The ability to choose the cheapest available power source in real time is why grid operators say renewables are an important part of the same, increasingly flexible power system — not a separate system.

“We don’t have different systems; we have a portfolio of resources and capabilities that meet the needs of the system,” said Mark Rothleder, senior vice president and COO for the California Independent System Operator, in an interview. 


Of particular interest to the US, which under the Trump administration has made a major push to expand and lock in fossil fuels as the power of choice for global markets, indications are that the fastest growing economies are moving toward renewables.

Washington Post:

As President Donald Trump pressures world leaders to abandon the energy transition in favor of a U.S.-led fossil fuel resurgence, the status of India’s gas-fired power plants helps explain why his pitch isn’t getting much traction.

Half of that fleet in India is sitting idle. Although electricity demand is exploding, and the plants are designed to run for decades into the future, Indian officials have turned away from them. Their calculation: that renewable energy provides a cheaper and more reliable alternative.

“And you don’t have to depend on overseas nations for fuel,” said Sumant Sinha, CEO of ReNew, one of India’s largest renewable energy companies.

5 thoughts on “Why Markets Keep Choosing Renewables”


  1. Other countries’ nukes are lower in capacity factor/ELCC because they’re more flexible, but that’s actually a serious drawback for us reactors. New nukes are already the most expensive source of energy and it would be difficult and even more expensive to make them more flexible with storage (which is relentlessly attacked by fossil and fissile fuel proponents but only when it’s used with renewables. Funny, that.)

    Like coal burners, most us nukes are losing money, and to try to minimize that, they tend to run all out all the time—except when refueling, melting down, crashing en masse in safety emergencies a la France, or remaining unbuilt because cost-overrun construction is delayed by years or decades a la Flamingville, Hinkey Point, Olkiluoto, Vogtle, VC Summers, and others. OTOH, the lack of flexibility is also a problem as it makes it difficult and more expensive to build any more than nadir demand demands.

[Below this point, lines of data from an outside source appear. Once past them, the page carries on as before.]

lemma max_fit_le_sum_hinge:
  fixes t :: real
  assumes "0 < t"
  shows "real (max_fit n X \<omega>) \<le> (\<Sum>i=1..n. max 0 (1 - X i \<omega> / t)) + 1 / t"
proof -
  obtain A where A: "max_fit n X \<omega> = card A" "A \<subseteq> {1..n}" "(\<Sum>i\<in>A. X i \<omega>) \<le> 1"
    by (rule max_fit_witness)
  have "real (card A) \<le> (\<Sum>i\<in>A. max 0 (1 - X i \<omega> / t) + X i \<omega> / t)"
    unfolding real_of_card by (rule sum_mono) simp
  also have "\<dots> = (\<Sum>i\<in>A. max 0 (1 - X i \<omega> / t)) + (\<Sum>i\<in>A. X i \<omega>) / t"
    by (simp add: sum.distrib sum_divide_distrib)
  also have "\<dots> \<le> (\<Sum>i=1..n. max 0 (1 - X i \<omega> / t)) + 1 / t"
    using A(2,3) assms by (intro add_mono sum_mono2 divide_right_mono) auto
  finally show ?thesis
    using A(1) by simp
qed

lemma nn_integral_max_fit_le:
  fixes t :: real
  assumes "prob_space M" "1 \<le> n"
    and distr: "\<And>i. i \<in> {1..n} \<Longrightarrow>
      distributed M lborel (X i) (\<lambda>x. ennreal (beta_density (real i) (real (n - i + 1)) x))"
    and "0 < t" "t \<le> 1"
  shows "(\<integral>\<^sup>+\<omega>. ennreal (real (max_fit n X \<omega>)) \<partial>M) \<le> ennreal (real n * t / 2 + 1 / t)"
proof -
  let ?g = "\<lambda>x. ennreal (max 0 (1 - x / t))"
  have g_meas: "(\<lambda>\<omega>. ?g (X i \<omega>)) \<in> borel_measurable M" if "i \<in> {1..n}" for i
    using distributed_measurable[OF distr[OF that]] by simp
  have "(\<integral>\<^sup>+\<omega>. ennreal (real (max_fit n X \<omega>)) \<partial>M)
      \<le> (\<integral>\<^sup>+\<omega>. (\<Sum>i=1..n. ?g (X i \<omega>)) + ennreal (1 / t) \<partial>M)"
  proof (rule nn_integral_mono)
    fix \<omega>
    have "ennreal (real (max_fit n X \<omega>)) \<le> ennreal ((\<Sum>i=1..n. max 0 (1 - X i \<omega> / t)) + 1 / t)"
      using max_fit_le_sum_hinge[OF assms(4)] by (rule ennreal_leI)
    also have "\<dots> = (\<Sum>i=1..n. ?g (X i \<omega>)) + ennreal (1 / t)"
      using assms(4) by (simp add: ennreal_plus sum_nonneg sum_ennreal del: ennreal_max_0)
    finally show "ennreal (real (max_fit n X \<omega>)) \<le> (\<Sum>i=1..n. ?g (X i \<omega>)) + ennreal (1 / t)" .
  qed
  also have "\<dots> = (\<integral>\<^sup>+\<omega>. (\<Sum>i=1..n. ?g (X i \<omega>)) \<partial>M) + ennreal (1 / t)"
    using g_meas prob_space.emeasure_space_1[OF assms(1)] by (subst nn_integral_add) auto
  also have "\<dots> = (\<Sum>i=1..n. \<integral>\<^sup>+\<omega>. ?g (X i \<omega>) \<partial>M) + ennreal (1 / t)"
    by (simp only: nn_integral_sum[OF g_meas])
  also have "\<dots> = ennreal (real n) * ennreal (t / 2) + ennreal (1 / t)"
    using set_nn_integral_unit_interval_hinge[OF assms(4,5)]
    by (subst sum_nn_integral_order_statistics[OF assms(2) distr]) (simp_all del: ennreal_max_0)
  also have "\<dots> = ennreal (real n * t / 2 + 1 / t)"
    using assms(4) by (simp flip: ennreal_mult)
  finally show ?thesis .
qed
lemma colour_partner_top_bot:
  assumes x: "x < n" and y: "n \<le> y" "y < 2*n"
  shows "partner (colour x y) x = y"
proof -
  define b where "b = y - n"
  have bn: "b < n" "y = n + b" using y unfolding b_def by auto
  define m where "m = cdiff x b"
  show ?thesis
  proof (cases "h \<le> m")
    case True
    have "colour x y = (0, m)" using colour_top_bot[OF x y(1)] True unfolding m_def b_def by simp
    thus ?thesis using partner_diag_top[OF x] shift_cdiff[OF bn(1)] bn unfolding m_def by simp
  next
    case False
    define j where "j = rung_colour (pos_top (m+1) x)"
    have c: "colour x y = (m+1, j)" using colour_top_bot[OF x y(1)] False unfolding m_def b_def j_def by simp
    have mv: "step j (pos_top (m+1) x) = 0" unfolding j_def using step_rung_colour pos_top_lt by blast
    have "partner (m+1, j) x = n + shift x (int m)" using partner_top[of "m+1" x j] x mv by simp
    thus ?thesis using c shift_cdiff[OF bn(1)] bn unfolding m_def by simp
  qed
qed

lemma colour_partner_bot_top:
  assumes x: "n \<le> x" "x < 2*n" and y: "y < n"
  shows "partner (colour x y) x = y"
proof -
  define b where "b = x - n"
  have bn: "b < n" "x = n + b" using x unfolding b_def by auto
  define m where "m = cdiff y b"
  show ?thesis
  proof (cases "h \<le> m")
    case True
    have "colour x y = (0, m)" using colour_bot_top[OF y x(1)] True unfolding m_def b_def by simp
    thus ?thesis using partner_diag_bot[OF x(1)] shift_minus_cdiff[OF y, of b] unfolding m_def b_def by simp
  next
    case False
    define j where "j = rung_colour (pos_top (m+1) y)"
    have c: "colour x y = (m+1, j)" using colour_bot_top[OF y x(1)] False unfolding m_def b_def j_def by simp
    have e: "pos_bot (m+1) b = pos_top (m+1) y" unfolding pos_bot_def using shift_minus_cdiff[OF y, of b] unfolding m_def by simp
    have mv: "step j (pos_bot (m+1) b) = 0" unfolding e j_def using step_rung_colour pos_top_lt by blast
    have "partner (m+1, j) x = shift b (- int m)" using partner_bot[of "m+1" x j] x mv unfolding b_def by simp
    thus ?thesis using c shift_minus_cdiff[OF y, of b] unfolding m_def by simp
  qed
qed

lemma colour_partner:
  "x < 2*n \<Longrightarrow> y < 2*n \<Longrightarrow> x \<noteq> y \<Longrightarrow> colour x y \<in> colours \<and> partner (colour x y) x = y"
  using colour_in_colours colour_partner_top colour_partner_bot colour_partner_top_bot colour_partner_bot_top by (metis not_le)

lemma partner_props:
  "c \<in> colours \<Longrightarrow> v < 2*n \<Longrightarrow> partner c v < 2*n \<and> partner c v \<noteq> v \<and> colour v (partner c v) = c"
proof -
  assume c: "c \<in> colours" and v: "v < 2*n"
  obtain i j where ij: "c = (i,j)" by force
  show ?thesis
  proof (cases "i = 0")
    case True
    thus ?thesis using c ij partner_diag_props[OF _ _ v] unfolding colours_def by auto
  next
    case False
    hence i: "1 \<le> i" "i \<le> h" "j \<in> {1,2,3}" using c ij unfolding colours_def by auto
    show ?thesis
    proof (cases "v < n")
      case True thus ?thesis using partner_top_props[OF i True] ij by simp
    next
      case False thus ?thesis using partner_bot_props[OF i _ v] ij by simp
    qed
  qed
qed

lemma card_colours: "card colours = 2*n - 1"
proof -
  have d: "({1..h} \<times> {1,2,3::nat}) \<inter> ({0::nat} \<times> {h..n-1}) = {}" by auto
  have "card colours = card ({1..h} \<times> {1,2,3::nat}) + card ({0::nat} \<times> {h..n-1})"
    unfolding colours_def by (rule card_Un_disjoint) (auto simp: d)
  also have "\<dots> = h * 3 + (n - h)" using n_eq by (simp add: card_cartesian_product)
  also have "\<dots> = 2*n - 1" using n_eq by simp
  finally show ?thesis .
qed

sublocale colouring: edge_colouring n colours colour partner
  by unfold_locales (use card_colours colour_commute partner_props colour_partner n_ge3 in auto)

lemma doubleton_in_A_cls_iff:
  "k < n \<Longrightarrow> {x,y} \<in> A_cls n k \<longleftrightarrow> x < n \<and> y < n \<and> (cdiff x y = k \<or> cdiff y x = k)"
proof -
  assume k: "k < n"
  have e: "\<And>a b. (int b - int a) mod int n = int k mod int n \<longleftrightarrow> cdiff a b = k"
    using cdiff_eq_iff[OF k] k by simp
  show ?thesis unfolding A_cls_def doubleton_in_doubletons_iff e by blast
qed

lemma doubleton_in_B_cls_iff:
  "k < n \<Longrightarrow> {x,y} \<in> B_cls n k \<longleftrightarrow> n \<le> x \<and> x < 2*n \<and> n \<le> y \<and> y < 2*n \<and>
    (cdiff (x-n) (y-n) = k \<or> cdiff (y-n) (x-n) = k)"
proof -
  assume k: "k < n"
  have e: "(int b - int a) mod int n = int k mod int n \<longleftrightarrow> cdiff (a-n) (b-n) = k" if "n \<le> a" "n \<le> b" for a b
  proof -
    have d: "int b - int a = int (b-n) - int (a-n)" using that by (simp add: of_nat_diff)
    show ?thesis unfolding d using cdiff_eq_iff[OF k, of "a-n" "b-n"] k by simp
  qed
  have "{x,y} \<in> B_cls n k \<longleftrightarrow>
     (n \<le> x \<and> x < 2*n \<and> n \<le> y \<and> y < 2*n \<and> (int y - int x) mod int n = int k mod int n) \<or>
     (n \<le> y \<and> y < 2*n \<and> n \<le> x \<and> x < 2*n \<and> (int x - int y) mod int n = int k mod int n)"
    unfolding B_cls_def by (rule doubleton_in_doubletons_iff)
  also have "\<dots> \<longleftrightarrow> (n \<le> x \<and> x < 2*n \<and> n \<le> y \<and> y < 2*n \<and> cdiff (x-n) (y-n) = k) \<or>
     (n \<le> y \<and> y < 2*n \<and> n \<le> x \<and> x < 2*n \<and> cdiff (y-n) (x-n) = k)"
    using e[of x y] e[of y x] by blast
  finally show ?thesis by blast
qed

    The wind is always blowing; the sun is always shining. Wind and solar in particular but also efficiency and wiser lives are the cheapest sources of energy almost everywhere in the world whether particular W&S facilities are providing energy at any one time or not. And they’re getting cheaper, at roughly 1% a year, or more than 10% per decade.
    Efficiency has replaced more fossil fuels than any other source, btw, according to Amory Lovins.


  2. “Outsized impacts from any single [source]”
    IOW, sudden massive unexpected shutdowns? They don’t happen with decentralized distributed-generation renewables like onshore, offshore and near-shore wind, solar PV, CSP, geothermal, and tidal.


    1. It’s a start. But in the face of the multiple moving targets of climate catastrophe damage, the world needs to vastly diversify the crops it depends on and the varieties it uses.

      That doesn’t meet the needs of horizontally, vertically, and internationally integrating corporations, but that’s just one more reason to ditch that model.